++++ MATERIAL SHOWN ++++
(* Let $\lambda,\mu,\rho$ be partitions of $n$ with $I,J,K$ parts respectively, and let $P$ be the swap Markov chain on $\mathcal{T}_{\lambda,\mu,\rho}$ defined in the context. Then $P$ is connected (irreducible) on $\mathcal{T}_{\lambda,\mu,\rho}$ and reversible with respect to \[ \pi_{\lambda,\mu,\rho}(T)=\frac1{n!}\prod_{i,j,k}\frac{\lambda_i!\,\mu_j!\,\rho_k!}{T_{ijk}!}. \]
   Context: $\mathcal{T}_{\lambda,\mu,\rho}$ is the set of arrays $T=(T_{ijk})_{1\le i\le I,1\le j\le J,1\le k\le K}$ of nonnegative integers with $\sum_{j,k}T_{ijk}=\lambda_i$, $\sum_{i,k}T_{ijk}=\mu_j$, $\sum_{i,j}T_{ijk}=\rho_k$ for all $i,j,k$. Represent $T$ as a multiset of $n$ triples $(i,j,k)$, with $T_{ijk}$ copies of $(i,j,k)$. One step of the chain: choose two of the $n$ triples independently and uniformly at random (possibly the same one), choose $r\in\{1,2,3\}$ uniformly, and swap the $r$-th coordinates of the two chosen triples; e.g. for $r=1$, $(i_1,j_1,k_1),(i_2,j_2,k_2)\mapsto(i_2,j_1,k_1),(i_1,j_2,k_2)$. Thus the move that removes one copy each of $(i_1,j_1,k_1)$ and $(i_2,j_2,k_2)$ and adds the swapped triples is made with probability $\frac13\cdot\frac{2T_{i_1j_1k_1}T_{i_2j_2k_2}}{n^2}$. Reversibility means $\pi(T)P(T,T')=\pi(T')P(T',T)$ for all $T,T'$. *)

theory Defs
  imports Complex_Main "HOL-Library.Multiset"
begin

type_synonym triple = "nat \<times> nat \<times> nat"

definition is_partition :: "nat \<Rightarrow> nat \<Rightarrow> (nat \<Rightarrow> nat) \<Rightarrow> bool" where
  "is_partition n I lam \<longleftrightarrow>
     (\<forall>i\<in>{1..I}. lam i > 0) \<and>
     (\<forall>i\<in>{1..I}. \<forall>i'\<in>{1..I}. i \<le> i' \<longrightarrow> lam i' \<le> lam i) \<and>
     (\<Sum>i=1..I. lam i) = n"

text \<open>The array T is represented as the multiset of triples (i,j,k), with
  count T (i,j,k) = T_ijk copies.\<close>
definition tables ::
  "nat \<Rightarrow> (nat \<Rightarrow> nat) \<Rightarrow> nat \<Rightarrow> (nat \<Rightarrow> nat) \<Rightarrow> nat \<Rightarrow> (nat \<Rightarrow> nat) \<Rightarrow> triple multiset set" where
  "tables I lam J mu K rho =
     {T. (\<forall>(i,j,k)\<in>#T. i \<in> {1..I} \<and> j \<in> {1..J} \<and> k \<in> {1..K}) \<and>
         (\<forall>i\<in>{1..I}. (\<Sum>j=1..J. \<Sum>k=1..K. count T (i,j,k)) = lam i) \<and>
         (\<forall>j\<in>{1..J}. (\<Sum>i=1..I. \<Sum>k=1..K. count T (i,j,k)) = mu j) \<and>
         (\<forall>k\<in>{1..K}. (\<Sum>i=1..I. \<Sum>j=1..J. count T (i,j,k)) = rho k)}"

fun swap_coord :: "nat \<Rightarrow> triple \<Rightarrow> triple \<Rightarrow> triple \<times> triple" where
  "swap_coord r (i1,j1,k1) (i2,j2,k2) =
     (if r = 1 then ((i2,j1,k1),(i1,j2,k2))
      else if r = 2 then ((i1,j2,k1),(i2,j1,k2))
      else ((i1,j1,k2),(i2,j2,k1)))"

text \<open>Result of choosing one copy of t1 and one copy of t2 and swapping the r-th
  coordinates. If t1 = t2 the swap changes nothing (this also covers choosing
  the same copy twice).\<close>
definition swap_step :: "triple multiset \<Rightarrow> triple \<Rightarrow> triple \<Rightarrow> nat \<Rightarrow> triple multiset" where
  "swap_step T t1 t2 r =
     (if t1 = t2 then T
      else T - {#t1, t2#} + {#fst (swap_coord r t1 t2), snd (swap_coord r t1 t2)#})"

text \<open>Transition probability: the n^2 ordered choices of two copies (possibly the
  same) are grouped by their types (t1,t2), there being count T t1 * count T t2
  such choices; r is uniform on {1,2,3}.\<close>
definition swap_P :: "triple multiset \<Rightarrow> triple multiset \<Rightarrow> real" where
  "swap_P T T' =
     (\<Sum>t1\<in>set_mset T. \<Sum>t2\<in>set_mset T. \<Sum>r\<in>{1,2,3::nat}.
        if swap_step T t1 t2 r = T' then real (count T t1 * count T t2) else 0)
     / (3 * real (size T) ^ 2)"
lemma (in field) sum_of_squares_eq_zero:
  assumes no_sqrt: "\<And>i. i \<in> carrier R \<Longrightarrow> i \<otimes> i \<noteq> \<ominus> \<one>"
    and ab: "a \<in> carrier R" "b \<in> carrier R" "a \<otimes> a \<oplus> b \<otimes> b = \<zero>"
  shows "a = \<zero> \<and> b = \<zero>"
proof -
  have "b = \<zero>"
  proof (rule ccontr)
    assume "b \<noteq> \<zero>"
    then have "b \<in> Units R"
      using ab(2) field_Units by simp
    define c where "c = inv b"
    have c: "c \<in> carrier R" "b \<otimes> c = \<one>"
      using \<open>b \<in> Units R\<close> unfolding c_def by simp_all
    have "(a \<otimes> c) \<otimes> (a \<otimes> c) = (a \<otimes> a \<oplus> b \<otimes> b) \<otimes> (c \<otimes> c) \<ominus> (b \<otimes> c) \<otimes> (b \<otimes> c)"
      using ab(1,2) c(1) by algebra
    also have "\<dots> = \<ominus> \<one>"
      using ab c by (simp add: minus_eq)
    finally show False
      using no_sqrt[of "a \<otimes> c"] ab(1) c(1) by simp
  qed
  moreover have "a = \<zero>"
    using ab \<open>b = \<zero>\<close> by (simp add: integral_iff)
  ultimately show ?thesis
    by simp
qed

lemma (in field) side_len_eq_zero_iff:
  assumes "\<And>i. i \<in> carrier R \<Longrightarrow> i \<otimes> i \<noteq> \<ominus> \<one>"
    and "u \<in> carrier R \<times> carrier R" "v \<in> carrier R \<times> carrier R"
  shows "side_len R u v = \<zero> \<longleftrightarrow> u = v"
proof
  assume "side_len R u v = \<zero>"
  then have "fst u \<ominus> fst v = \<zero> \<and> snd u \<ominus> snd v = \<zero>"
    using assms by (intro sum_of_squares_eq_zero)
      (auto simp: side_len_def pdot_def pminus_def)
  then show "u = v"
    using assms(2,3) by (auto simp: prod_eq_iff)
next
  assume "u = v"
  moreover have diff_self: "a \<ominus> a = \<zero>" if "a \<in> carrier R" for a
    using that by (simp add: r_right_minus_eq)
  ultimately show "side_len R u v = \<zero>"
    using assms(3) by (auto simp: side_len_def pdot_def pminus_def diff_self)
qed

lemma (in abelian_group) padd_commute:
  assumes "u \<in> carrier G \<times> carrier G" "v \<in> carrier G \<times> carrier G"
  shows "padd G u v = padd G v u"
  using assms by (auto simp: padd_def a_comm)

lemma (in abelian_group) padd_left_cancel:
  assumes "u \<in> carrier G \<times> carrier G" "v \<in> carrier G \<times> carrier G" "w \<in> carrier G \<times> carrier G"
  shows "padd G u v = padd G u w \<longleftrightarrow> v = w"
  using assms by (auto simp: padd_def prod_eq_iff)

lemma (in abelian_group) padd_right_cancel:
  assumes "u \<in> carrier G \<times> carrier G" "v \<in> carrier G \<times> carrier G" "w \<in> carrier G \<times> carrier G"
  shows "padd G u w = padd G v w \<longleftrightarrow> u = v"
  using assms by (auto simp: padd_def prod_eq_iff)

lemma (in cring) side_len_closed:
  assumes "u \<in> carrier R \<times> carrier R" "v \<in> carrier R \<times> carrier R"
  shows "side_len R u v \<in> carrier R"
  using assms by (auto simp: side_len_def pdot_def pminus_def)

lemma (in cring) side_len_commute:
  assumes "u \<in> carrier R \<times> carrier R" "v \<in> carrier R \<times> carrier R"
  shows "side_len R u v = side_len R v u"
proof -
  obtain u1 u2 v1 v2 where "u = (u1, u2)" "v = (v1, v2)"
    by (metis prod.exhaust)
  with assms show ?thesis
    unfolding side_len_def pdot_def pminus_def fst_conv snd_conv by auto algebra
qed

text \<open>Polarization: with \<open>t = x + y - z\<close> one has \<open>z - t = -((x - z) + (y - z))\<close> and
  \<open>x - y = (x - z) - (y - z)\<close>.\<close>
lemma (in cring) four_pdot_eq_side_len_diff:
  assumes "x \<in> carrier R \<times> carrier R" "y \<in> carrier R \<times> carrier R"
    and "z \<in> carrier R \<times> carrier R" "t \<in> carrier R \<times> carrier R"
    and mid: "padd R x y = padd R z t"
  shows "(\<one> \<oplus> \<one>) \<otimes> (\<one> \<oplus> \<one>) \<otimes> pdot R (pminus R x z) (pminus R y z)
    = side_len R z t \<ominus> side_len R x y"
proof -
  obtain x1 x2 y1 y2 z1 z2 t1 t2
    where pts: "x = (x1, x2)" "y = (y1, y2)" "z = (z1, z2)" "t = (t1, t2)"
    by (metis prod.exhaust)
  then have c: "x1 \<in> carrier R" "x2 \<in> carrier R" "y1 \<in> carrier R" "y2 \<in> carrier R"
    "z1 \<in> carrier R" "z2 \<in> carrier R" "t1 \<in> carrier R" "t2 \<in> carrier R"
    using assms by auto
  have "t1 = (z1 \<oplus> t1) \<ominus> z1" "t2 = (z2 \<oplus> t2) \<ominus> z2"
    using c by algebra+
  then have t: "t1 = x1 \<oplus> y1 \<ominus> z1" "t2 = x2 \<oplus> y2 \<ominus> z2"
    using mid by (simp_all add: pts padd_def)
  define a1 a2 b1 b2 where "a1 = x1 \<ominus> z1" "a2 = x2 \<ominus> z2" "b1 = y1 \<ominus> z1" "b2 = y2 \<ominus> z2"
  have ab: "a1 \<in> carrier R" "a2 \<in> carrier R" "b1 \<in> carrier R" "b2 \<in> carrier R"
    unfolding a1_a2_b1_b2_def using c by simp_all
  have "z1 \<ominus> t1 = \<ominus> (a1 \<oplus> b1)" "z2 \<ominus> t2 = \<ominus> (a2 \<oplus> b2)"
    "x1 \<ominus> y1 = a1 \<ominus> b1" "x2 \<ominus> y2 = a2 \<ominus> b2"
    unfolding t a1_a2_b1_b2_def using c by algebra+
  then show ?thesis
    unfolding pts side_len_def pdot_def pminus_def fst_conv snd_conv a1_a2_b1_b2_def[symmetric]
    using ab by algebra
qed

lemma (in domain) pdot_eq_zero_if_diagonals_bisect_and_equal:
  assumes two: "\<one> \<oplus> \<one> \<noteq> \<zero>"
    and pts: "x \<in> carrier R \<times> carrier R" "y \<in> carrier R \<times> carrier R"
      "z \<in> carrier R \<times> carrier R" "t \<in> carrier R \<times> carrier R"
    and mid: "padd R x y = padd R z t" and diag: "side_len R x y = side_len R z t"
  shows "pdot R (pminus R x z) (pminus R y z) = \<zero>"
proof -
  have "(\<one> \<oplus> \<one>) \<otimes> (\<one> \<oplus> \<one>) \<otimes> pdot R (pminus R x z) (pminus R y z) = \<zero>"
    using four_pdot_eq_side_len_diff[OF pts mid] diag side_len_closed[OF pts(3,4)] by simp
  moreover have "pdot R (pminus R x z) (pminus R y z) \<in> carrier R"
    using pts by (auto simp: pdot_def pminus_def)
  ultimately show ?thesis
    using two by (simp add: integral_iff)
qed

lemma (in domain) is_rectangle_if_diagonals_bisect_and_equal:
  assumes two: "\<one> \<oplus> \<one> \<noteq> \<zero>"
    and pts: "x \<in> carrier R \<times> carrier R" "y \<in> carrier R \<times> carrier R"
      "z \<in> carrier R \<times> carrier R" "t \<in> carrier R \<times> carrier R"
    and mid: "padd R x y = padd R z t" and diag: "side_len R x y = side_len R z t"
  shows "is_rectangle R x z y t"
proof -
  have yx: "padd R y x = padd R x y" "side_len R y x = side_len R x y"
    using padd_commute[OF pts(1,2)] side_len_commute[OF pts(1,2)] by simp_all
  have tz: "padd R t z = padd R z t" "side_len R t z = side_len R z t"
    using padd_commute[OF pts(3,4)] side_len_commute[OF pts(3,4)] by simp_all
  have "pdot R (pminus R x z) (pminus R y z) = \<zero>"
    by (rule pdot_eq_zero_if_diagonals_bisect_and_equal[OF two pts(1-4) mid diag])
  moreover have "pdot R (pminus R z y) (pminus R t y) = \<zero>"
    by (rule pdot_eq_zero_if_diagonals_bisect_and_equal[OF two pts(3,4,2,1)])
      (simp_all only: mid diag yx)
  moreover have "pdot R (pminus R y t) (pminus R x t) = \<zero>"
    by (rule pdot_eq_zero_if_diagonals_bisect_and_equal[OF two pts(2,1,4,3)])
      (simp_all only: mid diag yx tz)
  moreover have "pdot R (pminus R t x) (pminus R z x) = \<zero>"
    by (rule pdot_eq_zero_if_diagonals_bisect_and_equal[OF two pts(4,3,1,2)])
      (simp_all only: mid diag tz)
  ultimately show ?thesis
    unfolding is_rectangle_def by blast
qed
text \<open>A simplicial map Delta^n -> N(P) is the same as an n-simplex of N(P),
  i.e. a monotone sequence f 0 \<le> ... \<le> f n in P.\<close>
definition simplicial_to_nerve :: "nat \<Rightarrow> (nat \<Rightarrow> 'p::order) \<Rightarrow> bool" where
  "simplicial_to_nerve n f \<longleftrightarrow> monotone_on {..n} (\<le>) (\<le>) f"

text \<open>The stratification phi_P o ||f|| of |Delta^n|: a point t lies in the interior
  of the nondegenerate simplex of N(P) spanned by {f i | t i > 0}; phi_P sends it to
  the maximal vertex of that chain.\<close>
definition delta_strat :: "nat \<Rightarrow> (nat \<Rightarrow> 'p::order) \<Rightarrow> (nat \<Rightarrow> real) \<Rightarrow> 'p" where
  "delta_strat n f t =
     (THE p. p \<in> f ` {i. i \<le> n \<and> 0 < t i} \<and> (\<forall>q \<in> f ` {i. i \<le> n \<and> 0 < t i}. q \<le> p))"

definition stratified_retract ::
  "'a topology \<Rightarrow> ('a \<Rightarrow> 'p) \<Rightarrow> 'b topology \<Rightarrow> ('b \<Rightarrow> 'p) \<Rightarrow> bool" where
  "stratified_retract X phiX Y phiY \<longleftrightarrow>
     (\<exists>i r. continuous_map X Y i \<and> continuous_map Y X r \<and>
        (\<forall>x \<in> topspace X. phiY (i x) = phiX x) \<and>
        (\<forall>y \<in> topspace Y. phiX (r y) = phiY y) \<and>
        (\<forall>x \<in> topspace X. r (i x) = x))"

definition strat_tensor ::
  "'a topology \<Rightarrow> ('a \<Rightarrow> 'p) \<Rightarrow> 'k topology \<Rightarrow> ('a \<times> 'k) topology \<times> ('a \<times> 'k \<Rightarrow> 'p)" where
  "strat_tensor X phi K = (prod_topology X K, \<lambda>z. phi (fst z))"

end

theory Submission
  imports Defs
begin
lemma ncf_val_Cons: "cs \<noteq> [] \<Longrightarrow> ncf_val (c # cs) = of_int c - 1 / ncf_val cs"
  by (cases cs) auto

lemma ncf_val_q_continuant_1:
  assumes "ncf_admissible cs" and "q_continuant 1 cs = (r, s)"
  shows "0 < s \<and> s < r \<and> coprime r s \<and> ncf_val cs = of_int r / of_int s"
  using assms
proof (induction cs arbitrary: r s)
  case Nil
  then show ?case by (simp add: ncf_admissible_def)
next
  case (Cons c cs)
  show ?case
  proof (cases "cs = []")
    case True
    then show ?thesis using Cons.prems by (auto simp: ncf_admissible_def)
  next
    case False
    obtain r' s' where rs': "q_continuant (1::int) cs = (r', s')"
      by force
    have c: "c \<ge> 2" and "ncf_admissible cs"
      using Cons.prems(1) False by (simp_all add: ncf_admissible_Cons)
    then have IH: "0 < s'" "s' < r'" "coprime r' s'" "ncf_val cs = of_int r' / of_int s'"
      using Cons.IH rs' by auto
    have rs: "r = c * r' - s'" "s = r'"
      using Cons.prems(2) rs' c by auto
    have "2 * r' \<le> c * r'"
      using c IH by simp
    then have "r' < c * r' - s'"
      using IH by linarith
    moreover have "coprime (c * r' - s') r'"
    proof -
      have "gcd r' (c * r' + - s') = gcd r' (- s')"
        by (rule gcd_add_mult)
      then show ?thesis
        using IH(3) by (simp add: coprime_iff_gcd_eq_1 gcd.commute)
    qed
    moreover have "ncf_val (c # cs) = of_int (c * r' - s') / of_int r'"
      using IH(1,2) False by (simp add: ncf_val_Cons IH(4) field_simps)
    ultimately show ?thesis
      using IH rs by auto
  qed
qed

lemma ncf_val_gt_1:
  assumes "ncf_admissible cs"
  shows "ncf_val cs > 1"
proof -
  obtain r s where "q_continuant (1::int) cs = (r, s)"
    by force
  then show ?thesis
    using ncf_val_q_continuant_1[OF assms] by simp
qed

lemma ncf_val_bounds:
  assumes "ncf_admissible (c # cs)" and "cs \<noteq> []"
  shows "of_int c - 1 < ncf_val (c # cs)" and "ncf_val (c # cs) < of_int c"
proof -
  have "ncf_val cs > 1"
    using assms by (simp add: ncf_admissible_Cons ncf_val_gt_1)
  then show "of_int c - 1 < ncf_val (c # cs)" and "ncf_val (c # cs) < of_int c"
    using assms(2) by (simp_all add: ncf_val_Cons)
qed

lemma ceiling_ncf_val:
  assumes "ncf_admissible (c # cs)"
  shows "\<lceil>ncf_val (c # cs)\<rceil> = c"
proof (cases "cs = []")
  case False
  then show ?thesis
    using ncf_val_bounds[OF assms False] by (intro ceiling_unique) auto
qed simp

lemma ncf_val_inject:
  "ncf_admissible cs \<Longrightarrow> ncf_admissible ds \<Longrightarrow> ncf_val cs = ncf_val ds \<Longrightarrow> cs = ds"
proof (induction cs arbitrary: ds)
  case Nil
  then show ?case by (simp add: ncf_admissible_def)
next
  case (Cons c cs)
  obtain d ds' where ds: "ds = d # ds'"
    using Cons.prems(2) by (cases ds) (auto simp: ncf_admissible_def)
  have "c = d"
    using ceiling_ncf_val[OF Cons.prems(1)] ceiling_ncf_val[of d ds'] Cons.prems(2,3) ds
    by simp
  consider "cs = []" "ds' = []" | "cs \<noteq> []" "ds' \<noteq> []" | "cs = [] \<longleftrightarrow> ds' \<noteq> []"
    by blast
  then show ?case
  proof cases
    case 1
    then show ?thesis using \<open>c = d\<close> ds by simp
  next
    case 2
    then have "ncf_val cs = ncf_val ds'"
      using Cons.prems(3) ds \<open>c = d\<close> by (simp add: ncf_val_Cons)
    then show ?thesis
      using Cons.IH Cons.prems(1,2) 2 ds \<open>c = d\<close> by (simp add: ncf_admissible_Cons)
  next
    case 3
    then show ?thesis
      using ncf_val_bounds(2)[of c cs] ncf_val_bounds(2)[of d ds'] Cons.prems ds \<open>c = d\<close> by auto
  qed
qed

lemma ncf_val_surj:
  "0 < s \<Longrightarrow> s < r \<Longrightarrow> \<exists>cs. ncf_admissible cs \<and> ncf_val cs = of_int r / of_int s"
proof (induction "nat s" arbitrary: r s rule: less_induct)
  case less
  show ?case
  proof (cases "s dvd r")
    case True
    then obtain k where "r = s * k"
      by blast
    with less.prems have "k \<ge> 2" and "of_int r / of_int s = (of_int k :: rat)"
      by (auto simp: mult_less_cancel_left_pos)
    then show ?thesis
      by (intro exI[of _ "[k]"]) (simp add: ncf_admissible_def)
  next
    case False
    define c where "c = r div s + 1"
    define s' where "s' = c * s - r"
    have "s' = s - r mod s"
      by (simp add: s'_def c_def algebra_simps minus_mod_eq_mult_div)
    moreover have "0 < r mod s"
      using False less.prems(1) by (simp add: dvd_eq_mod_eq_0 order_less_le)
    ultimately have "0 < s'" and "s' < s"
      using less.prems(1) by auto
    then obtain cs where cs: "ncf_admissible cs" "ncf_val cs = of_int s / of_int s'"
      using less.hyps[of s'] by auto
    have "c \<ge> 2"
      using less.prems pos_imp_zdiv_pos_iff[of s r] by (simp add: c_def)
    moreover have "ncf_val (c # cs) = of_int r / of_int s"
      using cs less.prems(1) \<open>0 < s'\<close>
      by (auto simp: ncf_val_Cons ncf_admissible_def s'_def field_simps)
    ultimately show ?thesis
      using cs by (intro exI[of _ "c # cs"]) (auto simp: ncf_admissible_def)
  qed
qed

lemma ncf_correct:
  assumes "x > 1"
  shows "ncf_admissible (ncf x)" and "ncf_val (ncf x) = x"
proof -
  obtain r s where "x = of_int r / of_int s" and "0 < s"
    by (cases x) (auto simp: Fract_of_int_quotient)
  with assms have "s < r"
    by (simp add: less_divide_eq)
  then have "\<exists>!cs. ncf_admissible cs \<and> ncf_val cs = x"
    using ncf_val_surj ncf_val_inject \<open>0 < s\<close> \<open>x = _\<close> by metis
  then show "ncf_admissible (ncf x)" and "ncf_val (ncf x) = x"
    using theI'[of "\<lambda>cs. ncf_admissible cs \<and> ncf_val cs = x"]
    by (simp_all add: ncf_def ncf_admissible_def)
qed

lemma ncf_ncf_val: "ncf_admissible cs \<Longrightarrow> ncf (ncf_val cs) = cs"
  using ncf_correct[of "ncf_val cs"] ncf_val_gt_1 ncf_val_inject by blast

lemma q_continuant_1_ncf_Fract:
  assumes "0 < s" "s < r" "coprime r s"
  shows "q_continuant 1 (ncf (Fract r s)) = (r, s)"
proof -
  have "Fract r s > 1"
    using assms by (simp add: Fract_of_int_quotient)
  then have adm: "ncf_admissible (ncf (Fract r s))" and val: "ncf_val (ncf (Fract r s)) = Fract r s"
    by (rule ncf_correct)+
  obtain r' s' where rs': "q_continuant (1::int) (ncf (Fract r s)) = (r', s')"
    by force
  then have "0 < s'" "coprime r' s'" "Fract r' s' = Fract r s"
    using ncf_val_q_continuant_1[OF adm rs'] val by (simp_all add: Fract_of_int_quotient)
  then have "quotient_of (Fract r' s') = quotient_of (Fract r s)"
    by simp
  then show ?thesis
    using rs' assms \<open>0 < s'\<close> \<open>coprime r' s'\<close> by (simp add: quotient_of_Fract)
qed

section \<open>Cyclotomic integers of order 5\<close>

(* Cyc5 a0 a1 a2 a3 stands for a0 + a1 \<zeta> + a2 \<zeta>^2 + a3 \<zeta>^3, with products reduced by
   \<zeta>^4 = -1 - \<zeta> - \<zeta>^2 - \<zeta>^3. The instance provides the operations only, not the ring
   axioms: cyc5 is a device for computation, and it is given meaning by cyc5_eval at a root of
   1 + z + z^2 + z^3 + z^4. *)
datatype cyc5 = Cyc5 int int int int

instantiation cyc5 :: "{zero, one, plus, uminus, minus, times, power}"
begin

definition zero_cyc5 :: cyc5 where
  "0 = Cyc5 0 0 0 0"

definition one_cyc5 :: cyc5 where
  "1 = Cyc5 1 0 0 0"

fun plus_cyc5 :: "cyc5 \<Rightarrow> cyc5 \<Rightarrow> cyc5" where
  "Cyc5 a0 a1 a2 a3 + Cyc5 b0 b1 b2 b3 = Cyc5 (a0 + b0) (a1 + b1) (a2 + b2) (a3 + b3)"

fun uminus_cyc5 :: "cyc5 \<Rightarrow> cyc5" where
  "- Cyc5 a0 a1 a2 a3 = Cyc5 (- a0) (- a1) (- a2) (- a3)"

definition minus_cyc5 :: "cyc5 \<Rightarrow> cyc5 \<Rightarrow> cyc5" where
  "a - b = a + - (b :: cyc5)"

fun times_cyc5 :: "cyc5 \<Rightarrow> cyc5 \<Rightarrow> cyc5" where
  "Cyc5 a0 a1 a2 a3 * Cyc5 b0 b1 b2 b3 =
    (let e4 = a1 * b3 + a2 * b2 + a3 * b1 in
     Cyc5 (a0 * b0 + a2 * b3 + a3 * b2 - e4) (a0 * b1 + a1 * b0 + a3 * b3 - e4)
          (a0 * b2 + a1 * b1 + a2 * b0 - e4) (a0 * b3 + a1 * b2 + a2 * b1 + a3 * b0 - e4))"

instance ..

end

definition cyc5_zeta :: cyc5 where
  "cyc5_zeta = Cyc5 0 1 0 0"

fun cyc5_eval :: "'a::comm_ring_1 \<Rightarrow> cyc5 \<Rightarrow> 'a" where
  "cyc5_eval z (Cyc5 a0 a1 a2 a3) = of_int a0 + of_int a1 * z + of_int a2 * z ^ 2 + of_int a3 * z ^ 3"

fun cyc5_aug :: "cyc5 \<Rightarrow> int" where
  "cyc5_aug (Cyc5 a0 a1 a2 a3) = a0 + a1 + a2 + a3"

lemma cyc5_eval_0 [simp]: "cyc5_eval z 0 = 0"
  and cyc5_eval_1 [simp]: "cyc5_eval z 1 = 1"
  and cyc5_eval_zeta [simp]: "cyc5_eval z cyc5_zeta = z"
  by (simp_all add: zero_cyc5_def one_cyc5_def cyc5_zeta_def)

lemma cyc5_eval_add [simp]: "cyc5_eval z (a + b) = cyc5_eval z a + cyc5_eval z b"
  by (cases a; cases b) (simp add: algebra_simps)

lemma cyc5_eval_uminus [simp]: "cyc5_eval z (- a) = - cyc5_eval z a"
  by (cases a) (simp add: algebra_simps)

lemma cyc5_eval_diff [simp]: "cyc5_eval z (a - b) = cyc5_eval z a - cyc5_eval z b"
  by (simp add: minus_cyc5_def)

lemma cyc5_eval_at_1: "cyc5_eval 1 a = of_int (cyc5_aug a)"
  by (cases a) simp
++++
▸ **TASK BRIEF**:
Give back exactly the lines from the beginning of the records through the line containing "(\<forall>(i,j,k)\<in>#T. i \<in>", and only those.

▸ **RESULT OF THIS EXERCISE**:
(* Let $\lambda,\mu,\rho$ be partitions of $n$ with $I,J,K$ parts respectively, and let $P$ be the swap Markov chain on $\mathcal{T}_{\lambda,\mu,\rho}$ defined in the context. Then $P$ is connected (irreducible) on $\mathcal{T}_{\lambda,\mu,\rho}$ and reversible with respect to \[ \pi_{\lambda,\mu,\rho}(T)=\frac1{n!}\prod_{i,j,k}\frac{\lambda_i!\,\mu_j!\,\rho_k!}{T_{ijk}!}. \]
   Context: $\mathcal{T}_{\lambda,\mu,\rho}$ is the set of arrays $T=(T_{ijk})_{1\le i\le I,1\le j\le J,1\le k\le K}$ of nonnegative integers with $\sum_{j,k}T_{ijk}=\lambda_i$, $\sum_{i,k}T_{ijk}=\mu_j$, $\sum_{i,j}T_{ijk}=\rho_k$ for all $i,j,k$. Represent $T$ as a multiset of $n$ triples $(i,j,k)$, with $T_{ijk}$ copies of $(i,j,k)$. One step of the chain: choose two of the $n$ triples independently and uniformly at random (possibly the same one), choose $r\in\{1,2,3\}$ uniformly, and swap the $r$-th coordinates of the two chosen triples; e.g. for $r=1$, $(i_1,j_1,k_1),(i_2,j_2,k_2)\mapsto(i_2,j_1,k_1),(i_1,j_2,k_2)$. Thus the move that removes one copy each of $(i_1,j_1,k_1)$ and $(i_2,j_2,k_2)$ and adds the swapped triples is made with probability $\frac13\cdot\frac{2T_{i_1j_1k_1}T_{i_2j_2k_2}}{n^2}$. Reversibility means $\pi(T)P(T,T')=\pi(T')P(T',T)$ for all $T,T'$. *)

theory Defs
  imports Complex_Main "HOL-Library.Multiset"
begin

type_synonym triple = "nat \<times> nat \<times> nat"

definition is_partition :: "nat \<Rightarrow> nat \<Rightarrow> (nat \<Rightarrow> nat) \<Rightarrow> bool" where
  "is_partition n I lam \<longleftrightarrow>
     (\<forall>i\<in>{1..I}. lam i > 0) \<and>
     (\<forall>i\<in>{1..I}. \<forall>i'\<in>{1..I}. i \<le> i' \<longrightarrow> lam i' \<le> lam i) \<and>
     (\<Sum>i=1..I. lam i) = n"

text \<open>The array T is represented as the multiset of triples (i,j,k), with
  count T (i,j,k) = T_ijk copies.\<close>
definition tables ::
  "nat \<Rightarrow> (nat \<Rightarrow> nat) \<Rightarrow> nat \<Rightarrow> (nat \<Rightarrow> nat) \<Rightarrow> nat \<Rightarrow> (nat \<Rightarrow> nat) \<Rightarrow> triple multiset set" where
  "tables I lam J mu K rho =
     {T. (\<forall>(i,j,k)\<in>#T. i \<in> {1..I} \<and> j \<in> {1..J} \<and> k \<in> {1..K}) \<and>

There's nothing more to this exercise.